**What is expected**
Please return only the lines from the one holding "t = nu_b E (p" through the one holding "(in_nbrs E d)", exactly as they appear in the records below, both ends included.

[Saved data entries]
locale parallel_paths_dynamics = parallel_paths E s d P Q
  for E :: "('v \<times> 'v) set" and s d :: 'v and P Q :: "'v list" +
  fixes l :: "'v \<Rightarrow> real" and \<delta> fbar bbar :: real
    and p :: "nat \<Rightarrow> 'v \<times> 'v \<Rightarrow> real" and f b :: "nat \<Rightarrow> 'v \<Rightarrow> real"
  assumes leak: "\<forall>v \<in> set P \<union> set Q. 0 \<le> l v \<and> l v \<le> 1"
    and delta: "0 < \<delta>" "\<delta> < 1" and inputs: "0 < fbar" "0 < bbar"
    and dyn: "ant_dynamics E s d l \<delta> (\<lambda>_. fbar) (\<lambda>_. bbar) p f b"
begin

lemma initial_nonneg: "\<forall>e\<in>E. 0 \<le> p 0 e" "0 \<le> f 0 v" "0 \<le> b 0 v"
  and f_source: "f t s = fbar" and b_sink: "b t d = bbar"
  and f_step: "v \<noteq> s \<Longrightarrow> f (Suc t) v = (1 - l v) * (\<Sum>z\<in>in_nbrs E v. fwd_edge_flow E (p t) (f t) z v)"
  and b_step: "u \<noteq> d \<Longrightarrow> b (Suc t) u = (1 - l u) * (\<Sum>z\<in>out_nbrs E u. bwd_edge_flow E (p t) (b t) u z)"
  and p_step: "(u, v) \<in> E \<Longrightarrow> p (Suc t) (u, v) =
      \<delta> * (p t (u, v) + fwd_edge_flow E (p t) (f t) u v + bwd_edge_flow E (p t) (b t) u v)"
  using dyn unfolding ant_dynamics_def by auto

lemma edge_flows_nonneg_of_state:
  assumes p: "\<forall>e\<in>E. 0 \<le> p t e" and fb: "\<forall>v\<in>set P \<union> set Q. 0 \<le> f t v \<and> 0 \<le> b t v"
    and uv: "(u, v) \<in> E"
  shows "0 \<le> fwd_edge_flow E (p t) (f t) u v" "0 \<le> bwd_edge_flow E (p t) (b t) u v"
  using p fb edge_vertices[OF uv] uv
  by (auto intro!: fwd_edge_flow_nonneg bwd_edge_flow_nonneg simp: out_nbrs_def in_nbrs_def)

lemma state_nonneg: "(\<forall>e\<in>E. 0 \<le> p t e) \<and> (\<forall>v\<in>set P \<union> set Q. 0 \<le> f t v \<and> 0 \<le> b t v)"
proof (induction t)
  case 0
  then show ?case using initial_nonneg by simp
next
  case (Suc t)
  note flows = edge_flows_nonneg_of_state[of t, OF Suc.IH[THEN conjunct1] Suc.IH[THEN conjunct2]]
  have "0 \<le> p (Suc t) (u, v)" if "(u, v) \<in> E" for u v
    using p_step[OF that] flows[OF that] Suc.IH that delta by simp
  moreover have "0 \<le> f (Suc t) v" if "v \<in> set P \<union> set Q" for v
  proof (cases "v = s")
    case False
    have "0 \<le> (\<Sum>z\<in>in_nbrs E v. fwd_edge_flow E (p t) (f t) z v)"
      using flows by (intro sum_nonneg) (simp add: in_nbrs_def)
    then show ?thesis using f_step[OF False] leak that by simp
  qed (simp add: f_source less_imp_le[OF inputs(1)])
  moreover have "0 \<le> b (Suc t) v" if "v \<in> set P \<union> set Q" for v
  proof (cases "v = d")
    case False
    have "0 \<le> (\<Sum>z\<in>out_nbrs E v. bwd_edge_flow E (p t) (b t) v z)"
      using flows by (intro sum_nonneg) (simp add: out_nbrs_def)
    then show ?thesis using b_step[OF False] leak that by simp
  qed (simp add: b_sink less_imp_le[OF inputs(2)])
  ultimately show ?case by auto
qed

lemma p_nonneg: "e \<in> E \<Longrightarrow> 0 \<le> p t e"
  using state_nonneg by blast

lemma p_step_ge: "e \<in> E \<Longrightarrow> \<delta> * p t e \<le> p (Suc t) e"
  using p_step edge_flows_nonneg_of_state state_nonneg delta
  by (cases e) (simp add: mult_left_mono)

lemma p_pos_on_P:
  assumes init: "\<forall>e\<in>path_edges P. 0 < p 0 e" and i: "i < n"
  shows "0 < p t (P ! i, P ! Suc i)"
proof (induction t)
  case 0
  have "(P ! i, P ! Suc i) \<in> path_edges P"
    unfolding mem_path_edges_iff using i length_P by (intro exI[of _ i]) simp
  then show ?case using init by blast
next
  case (Suc t)
  then show ?case
    using p_step_ge[OF P_edge[OF i], of t] delta by (smt (verit) mult_pos_pos)
qed

definition p_source :: "nat \<Rightarrow> real" where "p_source t = p t (s, P ! 1)"
definition p_sink :: "nat \<Rightarrow> real" where "p_sink t = p t (P ! (n - 1), d)"
definition nu_source :: "nat \<Rightarrow> real" where "nu_source t = nu_f E (p t) s (P ! 1)"
definition nu_sink :: "nat \<Rightarrow> real" where "nu_sink t = nu_b E (p t) (P ! (n - 1)) d"

lemma card_out_nbrs_source: "card (out_nbrs E s) = 2"
  using out_nbrs_source second_vertices_distinct by simp

lemma card_in_nbrs_sink: "card (in_nbrs E d) = 2"
  using in_nbrs_sink penultimate_vertices_distinct by simp

lemma forward_flow_along_P:
  "i < n \<Longrightarrow> fwd_edge_flow E (p (t + i)) (f (t + i)) (P ! i) (P ! Suc i)
     = (\<Prod>j\<in>{1..i}. 1 - l (P ! j)) * (fbar * nu_source t)"
proof (induction i)
  case 0
  show ?case
    unfolding fwd_edge_flow_def nu_source_def using card_out_nbrs_source P_first f_source by simp
next
  case (Suc i)
  let ?v = "P ! Suc i"
  have i: "0 < Suc i" "Suc i < n" using Suc.prems by auto
  have "fwd_edge_flow E (p (t + Suc i)) (f (t + Suc i)) ?v (P ! Suc (Suc i)) = f (Suc (t + i)) ?v"
    unfolding fwd_edge_flow_def using out_nbrs_internal[OF i] by simp
  also have "\<dots> = (1 - l ?v) * fwd_edge_flow E (p (t + i)) (f (t + i)) (P ! i) ?v"
    using f_step[of ?v "t + i"] P_nth_eq_iff[of "Suc i" 0] P_first in_nbrs_internal[OF i] i by simp
  also have "\<dots> = (\<Prod>j\<in>{1..Suc i}. 1 - l (P ! j)) * (fbar * nu_source t)"
    using Suc by simp
  finally show ?case .
qed

lemma backward_flow_along_P:
  "i < n \<Longrightarrow> bwd_edge_flow E (p (t + i)) (b (t + i)) (P ! (n - Suc i)) (P ! (n - i))
     = (\<Prod>j\<in>{1..i}. 1 - l (P ! (n - j))) * (bbar * nu_sink t)"
proof (induction i)
  case 0
  show ?case
    unfolding bwd_edge_flow_def nu_sink_def using card_in_nbrs_sink P_last b_sink by simp
next
  case (Suc i)
  let ?v = "P ! (n - Suc i)"
  have i: "0 < n - Suc i" "n - Suc i < n" and succ: "Suc (n - Suc i) = n - i"
    using Suc.prems by auto
  have pred: "n - Suc i - 1 = n - Suc (Suc i)" by simp
  have "bwd_edge_flow E (p (t + Suc i)) (b (t + Suc i)) (P ! (n - Suc (Suc i))) ?v = b (Suc (t + i)) ?v"
    unfolding bwd_edge_flow_def using in_nbrs_internal[OF i] unfolding pred by simp
  also have "\<dots> = (1 - l ?v) * bwd_edge_flow E (p (t + i)) (b (t + i)) ?v (P ! (n - i))"
  proof -
    have "?v \<noteq> d" using P_nth_eq_iff[of "n - Suc i" n] P_last Suc.prems by simp
    then show ?thesis using b_step[of ?v "t + i"] out_nbrs_internal[OF i] unfolding succ by simp
  qed
  also have "\<dots> = (\<Prod>j\<in>{1..Suc i}. 1 - l (P ! (n - j))) * (bbar * nu_sink t)"
    using Suc by simp
  finally show ?case .
qed

lemma path_transmission_P: "path_transmission l s d P = (\<Prod>j\<in>{1..n - 1}. 1 - l (P ! j))"
proof -
  have "set P - {s, d} = (\<lambda>j. P ! j) ` {1..n - 1}"
  proof
    show "set P - {s, d} \<subseteq> (\<lambda>j. P ! j) ` {1..n - 1}"
    proof
      fix v assume v: "v \<in> set P - {s, d}"
      then obtain j where j: "j < length P" "v = P ! j" by (auto simp: in_set_conv_nth)
      have "v \<noteq> P ! 0" "v \<noteq> P ! n" using v P_first P_last by auto
      then have "j \<noteq> 0" "j \<noteq> n" using j(2) by metis+
      then show "v \<in> (\<lambda>j. P ! j) ` {1..n - 1}" using j length_P by (intro image_eqI[of _ _ j]) auto
    qed
    show "(\<lambda>j. P ! j) ` {1..n - 1} \<subseteq> set P - {s, d}"
    proof
      fix v assume "v \<in> (\<lambda>j. P ! j) ` {1..n - 1}"
      then obtain j where j: "1 \<le> j" "j \<le> n - 1" "v = P ! j" by auto
      then have "P ! j \<noteq> P ! 0" "P ! j \<noteq> P ! n" using P_nth_eq_iff length_P by auto
      then show "v \<in> set P - {s, d}" using j length_P P_first P_last by auto
    qed
  qed
  moreover have "inj_on (\<lambda>j. P ! j) {1..n - 1}"
    using P_nth_eq_iff by (auto simp: inj_on_def)
  ultimately show ?thesis
    unfolding path_transmission_def by (simp add: prod.reindex)
qed

lemma path_transmission_P_rev: "path_transmission l s d P = (\<Prod>j\<in>{1..n - 1}. 1 - l (P ! (n - j)))"
  using prod.atLeastAtMost_rev[of "\<lambda>j. 1 - l (P ! j)" 1 "n - 1"] length_P
  unfolding path_transmission_P by simp

lemma p_source_step:
  assumes "n - 1 \<le> t"
  shows "p_source (Suc t) = \<delta> * (p_source t + fbar * nu_source t
           + path_transmission l s d P * bbar * nu_sink (t - (n - 1)))"
proof -
  have "fwd_edge_flow E (p t) (f t) s (P ! 1) = fbar * nu_source t"
    using forward_flow_along_P[of 0 t] length_P P_first by simp
  moreover have "bwd_edge_flow E (p t) (b t) s (P ! 1) = path_transmission l s d P * (bbar * nu_sink (t - (n - 1)))"
    using backward_flow_along_P[of "n - 1" "t - (n - 1)"] assms length_P P_first
    unfolding path_transmission_P_rev by (simp add: Suc_diff_le)
  ultimately show ?thesis
    unfolding p_source_def using p_step[OF P_edge[of 0]] length_P P_first by simp
qed

lemma p_sink_step:
  assumes "n - 1 \<le> t"
  shows "p_sink (Suc t) = \<delta> * (p_sink t + bbar * nu_sink t
           + path_transmission l s d P * fbar * nu_source (t - (n - 1)))"
proof -
  have "bwd_edge_flow E (p t) (b t) (P ! (n - 1)) d = bbar * nu_sink t"
    using backward_flow_along_P[of 0 t] length_P P_last by simp
  moreover have "fwd_edge_flow E (p t) (f t) (P ! (n - 1)) d = path_transmission l s d P * (fbar * nu_source (t - (n - 1)))"
    using forward_flow_along_P[of "n - 1" "t - (n - 1)"] assms length_P P_last
    unfolding path_transmission_P by simp
  ultimately show ?thesis
    unfolding p_sink_def using p_step[OF P_edge[of "n - 1"]] length_P P_last by (simp add: algebra_simps)
qed

lemma nu_source_eq: "nu_source t = p_source t / (p_source t + p t (s, Q ! 1))"
  unfolding nu_source_def p_source_def nu_f_def out_nbrs_source using second_vertices_distinct by simp

lemma nu_sink_eq: "nu_sink t = p_sink t / (p_sink t + p t (Q ! (k - 1), d))"
  unfolding nu_sink_def p_sink_def nu_b_def in_nbrs_sink using penultimate_vertices_distinct by simp

lemma p_source_sink_pos:
  assumes init: "\<forall>e\<in>path_edges P. 0 < p 0 e"
  shows "0 < p_source t" "0 < p_sink t"
  unfolding p_source_def p_sink_def
  using p_pos_on_P[OF init, of 0 t] p_pos_on_P[OF init, of "n - 1" t] length_P P_first P_last
  by simp_all

lemma p_Q_end_edges_nonneg: "0 \<le> p t (s, Q ! 1)" "0 \<le> p t (Q ! (k - 1), d)"
  using p_nonneg[OF Q_edge[of 0]] p_nonneg[OF Q_edge[of "k - 1"]] length_Q Q_first Q_last
  by simp_all

lemma nu_f_P_edge:
  assumes init: "\<forall>e\<in>path_edges P. 0 < p 0 e" and i: "i < n"
  shows "nu_f E (p t) (P ! i) (P ! Suc i) = (if i = 0 then nu_source t else 1)"
proof (cases "i = 0")
  case False
  then show ?thesis
    unfolding nu_f_def using out_nbrs_internal[OF _ i] p_pos_on_P[OF init i, of t] by simp
qed (simp add: nu_source_def P_first)

lemma nu_b_P_edge:
  assumes init: "\<forall>e\<in>path_edges P. 0 < p 0 e" and i: "i < n"
  shows "nu_b E (p t) (P ! i) (P ! Suc i) = (if Suc i = n then nu_sink t else 1)"
proof (cases "Suc i = n")
  case True
  then show ?thesis unfolding nu_sink_def using P_last by (simp flip: True)
next
  case False
  then have "0 < Suc i" "Suc i < n" using i by auto
  then show ?thesis
    unfolding nu_b_def using in_nbrs_internal p_pos_on_P[OF init i, of t] False by simp
qed

end

lemma parallel_paths_dynamics_swap:
  "parallel_paths_dynamics E s d P Q l \<delta> fbar bbar p f b \<Longrightarrow> parallel_paths_dynamics E s d Q P l \<delta> fbar bbar p f b"
  unfolding parallel_paths_dynamics_def parallel_paths_dynamics_axioms_def
  using parallel_paths_swap by (metis Un_commute)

**Solution to this exercise**
definition nu_sink :: "nat \<Rightarrow> real" where "nu_sink t = nu_b E (p t) (P ! (n - 1)) d"

lemma card_out_nbrs_source: "card (out_nbrs E s) = 2"
  using out_nbrs_source second_vertices_distinct by simp

lemma card_in_nbrs_sink: "card (in_nbrs E d) = 2"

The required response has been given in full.